Data validation is in essence about performing data unit testing (similar to code unit tests) so that you know when the data is not matching your expectations. The more granular unit testing, the more granular will your understanding of the data quality issue at hand be when things don’t match up. Through Rebase Vaildators, users can specify validators (sometimes called constraints or expectations) on their data that can be used to trigger alerts and monitor data quality over time. It enables users, for instance, to:
  • Detect data quality issues such as missing values, flatliners and wrong formats
  • Detect data (distribution) drift
  • Detect concept drift and/or model performance degradation
  • Detect anomalies such as under-performing energy assets or malfunctioning sensors

Defining and running data validations

Validations and validation suites are created through the rb.Validator object. You can either use one of the pre-defined validations or you can define your own custom validation.
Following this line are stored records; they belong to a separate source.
lemma kap_eq_digit_diff: "kap m x = (max (x div m) (x mod m) - min (x div m) (x mod m)) * (m - 1)"
proof -
  define a where "a = max (x div m) (x mod m)"
  define b where "b = min (x div m) (x mod m)"
  have "b \<le> a" by (simp add: a_def b_def)
  then obtain c where c: "a = b + c" using le_Suc_ex by blast
  have "kap m x = (a * m + b) - (b * m + a)" by (simp add: kap_def kapD_def kapA_def a_def b_def)
  also have "\<dots> = (a - b) * (m - 1)" by (cases m) (simp_all add: c algebra_simps)
  finally show ?thesis by (simp only: a_def b_def)
qed

lemma kap_zero: "kap m 0 = 0"
  by (simp add: kap_def kapD_def kapA_def)

lemma funpow_kap_zero: "(kap m ^^ i) 0 = 0"
  by (induction i) (simp_all add: kap_zero)

lemma kap_eq_mult:
  assumes "x < m\<^sup>2"
  obtains k where "k < m" "kap m x = k * (m - 1)"
proof
  have "0 < m" using assms by (cases m) simp_all
  then have "x div m < m" "x mod m < m"
    using assms by (simp_all add: power2_eq_square less_mult_imp_div_less)
  then show "max (x div m) (x mod m) - min (x div m) (x mod m) < m" by linarith
qed (rule kap_eq_digit_diff)

lemma kap_less: "x < m\<^sup>2 \<Longrightarrow> kap m x < m\<^sup>2"
  by (metis kap_eq_mult mult_pred_less_square)

lemma funpow_kap_less: "x < m\<^sup>2 \<Longrightarrow> (kap m ^^ i) x < m\<^sup>2"
  by (induction i) (simp_all add: kap_less)

lemma kap_periodic_point_eq_mult:
  assumes "y < m\<^sup>2" "t \<ge> 1" "(kap m ^^ t) y = y"
  obtains k where "k < m" "y = k * (m - 1)"
proof -
  have "y = kap m ((kap m ^^ (t - 1)) y)"
    using assms(2,3) by (metis Suc_diff_le diff_Suc_1 funpow.simps(2) o_apply)
  moreover have "(kap m ^^ (t - 1)) y < m\<^sup>2" using assms(1) by (rule funpow_kap_less)
  ultimately show ?thesis using that kap_eq_mult by metis
qed

(* For k > 0 the base-m digits of k (m - 1) are k - 1 and m - k; kcoeff m k is their difference. *)
definition kcoeff :: "nat \<Rightarrow> nat \<Rightarrow> nat" where
  "kcoeff m k =
    (if k = 0 then 0 else if 2 * k \<le> m + 1 then m + 1 - 2 * k else 2 * k - (m + 1))"

lemma kap_mult_eq_kcoeff:
  assumes "k < m"
  shows "kap m (k * (m - 1)) = kcoeff m k * (m - 1)"
proof (cases "k = 0")
  case True
  then show ?thesis by (simp add: kap_zero kcoeff_def)
next
  case False
  have split: "k * (m - 1) = (k - 1) * m + (m - k)"
    using assms False by (simp add: algebra_simps diff_mult_distrib diff_mult_distrib2)
  have "m - k < m" using assms False by simp
  then have "k * (m - 1) div m = k - 1" "k * (m - 1) mod m = m - k"
    unfolding split by simp_all
  then show ?thesis using assms False by (auto simp: kap_eq_digit_diff kcoeff_def max_def min_def)
qed

lemma kcoeff_less: "k < m \<Longrightarrow> kcoeff m k < m"
  by (auto simp: kcoeff_def)

lemma funpow_kcoeff_less: "k < m \<Longrightarrow> (kcoeff m ^^ i) k < m"
  by (induction i) (simp_all add: kcoeff_less)

lemma funpow_kap_mult:
  assumes "k < m"
  shows "(kap m ^^ i) (k * (m - 1)) = (kcoeff m ^^ i) k * (m - 1)"
proof (induction i)
  case (Suc i)
  have "(kap m ^^ Suc i) (k * (m - 1)) = kap m ((kcoeff m ^^ i) k * (m - 1))"
    using Suc.IH by simp
  also have "\<dots> = kcoeff m ((kcoeff m ^^ i) k) * (m - 1)"
    by (rule kap_mult_eq_kcoeff[OF funpow_kcoeff_less[OF assms]])
  finally show ?case by simp
qed simp

lemma funpow_kap_mult_fixed_iff:
  assumes "m \<ge> 2" "k < m"
  shows "(kap m ^^ i) (k * (m - 1)) = k * (m - 1) \<longleftrightarrow> (kcoeff m ^^ i) k = k"
  unfolding funpow_kap_mult[OF assms(2)] using assms(1) by simp

lemma kcoeff_cong_pm: "cong_pm (int (kcoeff m k)) (2 * int k) (int (m + 1))"
proof -
  consider "k = 0" | "0 < k" "2 * k \<le> m + 1" | "m + 1 < 2 * k" by linarith
  then show ?thesis
  proof cases
    case 2
    then have "int (kcoeff m k) + 2 * int k = int (m + 1)" by (simp add: kcoeff_def)
    then show ?thesis by (simp add: cong_pm_def)
  next
    case 3
    then have "int (kcoeff m k) - 2 * int k = - int (m + 1)" by (simp add: kcoeff_def)
    then show ?thesis unfolding cong_pm_def by (metis dvd_minus_iff dvd_refl)
  qed (simp add: kcoeff_def cong_pm_def)
qed

lemma funpow_kcoeff_cong_pm: "cong_pm (int ((kcoeff m ^^ i) k)) (2 ^ i * int k) (int (m + 1))"
proof (induction i)
  case 0
  show ?case by (simp add: cong_pm_def)
next
  case (Suc i)
  have "cong_pm (int (kcoeff m ((kcoeff m ^^ i) k))) (2 * int ((kcoeff m ^^ i) k)) (int (m + 1))"
    by (rule kcoeff_cong_pm)
  also have "cong_pm (2 * int ((kcoeff m ^^ i) k)) (2 * (2 ^ i * int k)) (int (m + 1))"
    using Suc.IH by (rule cong_pm_mult_left)
  finally show ?case by (simp add: mult.assoc)
qed

lemma kcoeff_reflect: "1 \<le> k \<Longrightarrow> k \<le> m \<Longrightarrow> kcoeff m (m + 1 - k) = kcoeff m k"
  by (auto simp: kcoeff_def)

lemma funpow_kcoeff_fixed_iff:
  assumes k: "k < m" and p: "p \<ge> 1" "(kcoeff m ^^ p) k = k"
  shows "(kcoeff m ^^ t) k = k \<longleftrightarrow> cong_pm (2 ^ t) 1 (int ((m + 1) div gcd k (m + 1)))"
proof -
  define y where "y = (kcoeff m ^^ t) k"
  have y_cong: "cong_pm (int y) (2 ^ t * int k) (int (m + 1))"
    unfolding y_def by (rule funpow_kcoeff_cong_pm)
  have "y < m" unfolding y_def using k by (rule funpow_kcoeff_less)
  have "y = k \<longleftrightarrow> cong_pm (2 ^ t * int k) (int k) (int (m + 1))"
  proof
    assume "y = k"
    then show "cong_pm (2 ^ t * int k) (int k) (int (m + 1))" using y_cong by (simp add: cong_pm_sym)
  next
    assume "cong_pm (2 ^ t * int k) (int k) (int (m + 1))"
    with y_cong have "cong_pm (int y) (int k) (int (m + 1))" by (rule cong_pm_trans)
    then have "y = k \<or> y + k = m + 1"
      using cong_pm_less_imp_eq_or_add_eq[of "int y" "int (m + 1)" "int k"] k \<open>y < m\<close> by linarith
    then show "y = k"
    proof
      \<comment> \<open>The second solution m + 1 - k has the same image as k, so on the cycle of k it is k.\<close>
      assume "y + k = m + 1"
      then have "y = m + 1 - k" "1 \<le> k" using \<open>y < m\<close> by linarith+
      then have "kcoeff m y = kcoeff m k" using kcoeff_reflect k by simp
      then show "y = k" unfolding y_def using p by (rule funpow_periodic_cancel[rotated 2])
    qed
  qed
  also have "\<dots> \<longleftrightarrow> cong_pm (2 ^ t) 1 (int (m + 1) div gcd (int k) (int (m + 1)))"
    by (rule cong_pm_mult_cancel) simp
  also have "int (m + 1) div gcd (int k) (int (m + 1)) = int ((m + 1) div gcd k (m + 1))"
    by (simp only: zdiv_int gcd_int_int_eq)
  finally show ?thesis unfolding y_def .
qed

lemma funpow_kap_mult_fixed_iff_cong_pm:
  assumes "m \<ge> 2" "k < m" "p \<ge> 1" "(kap m ^^ p) (k * (m - 1)) = k * (m - 1)"
  shows "(kap m ^^ i) (k * (m - 1)) = k * (m - 1) \<longleftrightarrow>
    cong_pm (2 ^ i) 1 (int ((m + 1) div gcd k (m + 1)))"
proof -
  have "(kcoeff m ^^ p) k = k" using assms(4) by (simp only: funpow_kap_mult_fixed_iff[OF assms(1,2)])
  then show ?thesis
    unfolding funpow_kap_mult_fixed_iff[OF assms(1,2)] by (rule funpow_kcoeff_fixed_iff[OF assms(2,3)])
qed

lemma kcoeff_cycle_with_divisor:
  assumes m: "m \<ge> 2" and d: "1 < d" "odd d" "d dvd m + 1"
  obtains k p where "k < m" "p \<ge> 1" "(kcoeff m ^^ p) k = k" "(m + 1) div gcd k (m + 1) = d"
proof -
  define k0 where "k0 = (m + 1) div d"
  have m_eq: "m + 1 = d * k0" unfolding k0_def using d(3) by simp
  have "d \<ge> 3" using d(1,2) by presburger
  then have "3 * k0 \<le> m + 1" unfolding m_eq by (rule mult_le_mono1)
  then have "k0 < m" using m by linarith
  obtain s p where p: "p \<ge> 1" "(kcoeff m ^^ (s + p)) k0 = (kcoeff m ^^ s) k0"
    using funpow_eventually_periodic[of "{..<m}" k0 "kcoeff m"] \<open>k0 < m\<close> kcoeff_less by auto
  define k where "k = (kcoeff m ^^ s) k0"
  have "(kcoeff m ^^ p) k = k"
    using p(2) unfolding k_def by (simp add: funpow_add add.commute)
  moreover have "k < m" unfolding k_def using \<open>k0 < m\<close> by (rule funpow_kcoeff_less)
  moreover have "gcd k (m + 1) = k0"
  proof -
    have "int (gcd k (m + 1)) = gcd (int k) (int (m + 1))" by (simp only: gcd_int_int_eq)
    also have "\<dots> = gcd (2 ^ s * int k0) (int (m + 1))"
      unfolding k_def by (rule cong_pm_gcd_eq[OF funpow_kcoeff_cong_pm])
    also have "\<dots> = gcd (int (k0 * 2 ^ s)) (int (k0 * d))" unfolding m_eq by (simp add: ac_simps)
    also have "\<dots> = int (gcd (k0 * 2 ^ s) (k0 * d))" by (simp only: gcd_int_int_eq)
    also have "gcd (k0 * 2 ^ s) (k0 * d) = k0"
      using d(2) by (simp flip: gcd_mult_distrib_nat)
    finally show ?thesis by simp
  qed
  moreover have "(m + 1) div k0 = d"
    using m_eq by (metis add_is_0 mult_0_right nonzero_mult_div_cancel_right one_neq_zero)
  ultimately show ?thesis using that p(1) by simp
qed

definition kentry :: "nat \<Rightarrow> nat \<Rightarrow> nat" where
  "kentry m x = (kap m ^^ kstep m x) x"

lemma funpow_kstep_add: "(kap m ^^ (kstep m x + i)) x = (kap m ^^ i) (kentry m x)"
  by (simp add: kentry_def funpow_add add.commute)

lemma kentry_less: "x < m\<^sup>2 \<Longrightarrow> kentry m x < m\<^sup>2"
  by (simp add: kentry_def funpow_kap_less)

lemma kentry_periodic: "x < m\<^sup>2 \<Longrightarrow> \<exists>p \<ge> 1. (kap m ^^ p) (kentry m x) = kentry m x"
proof -
  assume "x < m\<^sup>2"
  then have "\<exists>s p. p \<ge> 1 \<and> (kap m ^^ (s + p)) x = (kap m ^^ s) x"
    by (intro funpow_eventually_periodic[of "{..<m\<^sup>2}"]) (simp_all add: kap_less)
  then have "\<exists>p \<ge> 1. (kap m ^^ (kstep m x + p)) x = (kap m ^^ kstep m x) x"
    unfolding kstep_def by (rule LeastI_ex)
  then show ?thesis by (simp add: funpow_kstep_add kentry_def)
qed

lemma kstep_eq_0_if_periodic: "p \<ge> 1 \<Longrightarrow> (kap m ^^ p) x = x \<Longrightarrow> kstep m x = 0"
  unfolding kstep_def by (rule Least_eq_0) auto

lemma kperiod_eq_iff:
  assumes "x < m\<^sup>2"
  shows "kperiod m x = t \<longleftrightarrow> t \<ge> 1 \<and> (kap m ^^ t) (kentry m x) = kentry m x \<and>
    (\<forall>t'. 0 < t' \<and> t' < t \<longrightarrow> (kap m ^^ t') (kentry m x) \<noteq> kentry m x)"
proof -
  define P where "P t \<longleftrightarrow> t \<ge> 1 \<and> (kap m ^^ t) (kentry m x) = kentry m x" for t
  have "kperiod m x = (LEAST t. P t)"
    by (simp only: kperiod_def funpow_kstep_add P_def flip: kentry_def)
  moreover have "\<exists>t. P t" using kentry_periodic[OF assms] by (simp add: P_def)
  then have "(LEAST t. P t) = t \<longleftrightarrow> P t \<and> (\<forall>t' < t. \<not> P t')" by (rule Least_eq_iff)
  ultimately show ?thesis by (auto simp: P_def)
qed

lemma kfixed_eq_zero_iff:
  assumes "x < m\<^sup>2"
  shows "kfixed m x = {0} \<longleftrightarrow> kentry m x = 0"
proof
  have "kperiod m x \<ge> 1" using kperiod_eq_iff[OF assms] by blast
  have kfixed_eq: "kfixed m x = {(kap m ^^ i) (kentry m x) | i. i < kperiod m x}"
    by (simp add: kfixed_def funpow_kstep_add)
  have "kentry m x \<in> kfixed m x"
    unfolding kfixed_eq using \<open>kperiod m x \<ge> 1\<close> by (intro CollectI exI[of _ 0]) simp
  then show "kfixed m x = {0} \<Longrightarrow> kentry m x = 0" by simp
  show "kentry m x = 0 \<Longrightarrow> kfixed m x = {0}"
    using \<open>kentry m x \<in> kfixed m x\<close> unfolding kfixed_eq by (auto simp: funpow_kap_zero)
qed

lemma kap_cycle_return_divisor:
  assumes m: "m \<ge> 2" and x: "x < m\<^sup>2" "kentry m x \<noteq> 0"
  shows "\<exists>d > 1. d dvd m + 1 \<and>
    (\<forall>i. (kap m ^^ i) (kentry m x) = kentry m x \<longleftrightarrow> cong_pm (2 ^ i) 1 (int d))"
proof -
  obtain p where p: "p \<ge> 1" "(kap m ^^ p) (kentry m x) = kentry m x"
    using kentry_periodic[OF x(1)] by blast
  then obtain k where k: "k < m" and y: "kentry m x = k * (m - 1)"
    using kap_periodic_point_eq_mult[OF kentry_less[OF x(1)]] by blast
  define d where "d = (m + 1) div gcd k (m + 1)"
  have "(kap m ^^ i) (kentry m x) = kentry m x \<longleftrightarrow> cong_pm (2 ^ i) 1 (int d)" for i
    using funpow_kap_mult_fixed_iff_cong_pm[OF m k p(1)] p(2) unfolding y d_def by blast
  moreover have "1 < d" unfolding d_def using x(2) y k by (intro div_gcd_gt_one) auto
  moreover have "d dvd m + 1"
    using dvd_div_mult_self[OF gcd_dvd2[of k "m + 1"]] unfolding d_def by (metis dvd_triv_left)
  ultimately show ?thesis by blast
qed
Here is a simple example to check if a specific column is within a pre-defined bound:
import rebase as rb

df = pd.read_csv("your_csv_file.csv")

validator = rb.Validator()
validator.column_between_values(column="power_production", low=0, high=100)

result = validator.run(df)
Several validations can be packaged into a validation suite by adding them after each other:
import rebase as rb

df = pd.read_csv("your_csv_file.csv")

validator = rb.Validator()
validator.column_between_values(column="power_production", low=0, high=100)
validator.column_not_nan(column="power_production")
validator.column_not_flatline(column="power_production")

result = validator.run(df)

Creating custom data validations

import rebase as rb

df = pd.read_csv("your_csv_file.csv")

class Validator(rb.Validator): 
    def check_if_float_column_contains_only_integers(column): 
        check = df[column].apply(float.is_integer).all()

        return check

validator = Validator()
validator.check_if_float_column_contains_only_integers(column="power_production", low=0, high=100)

result = validator.run(df)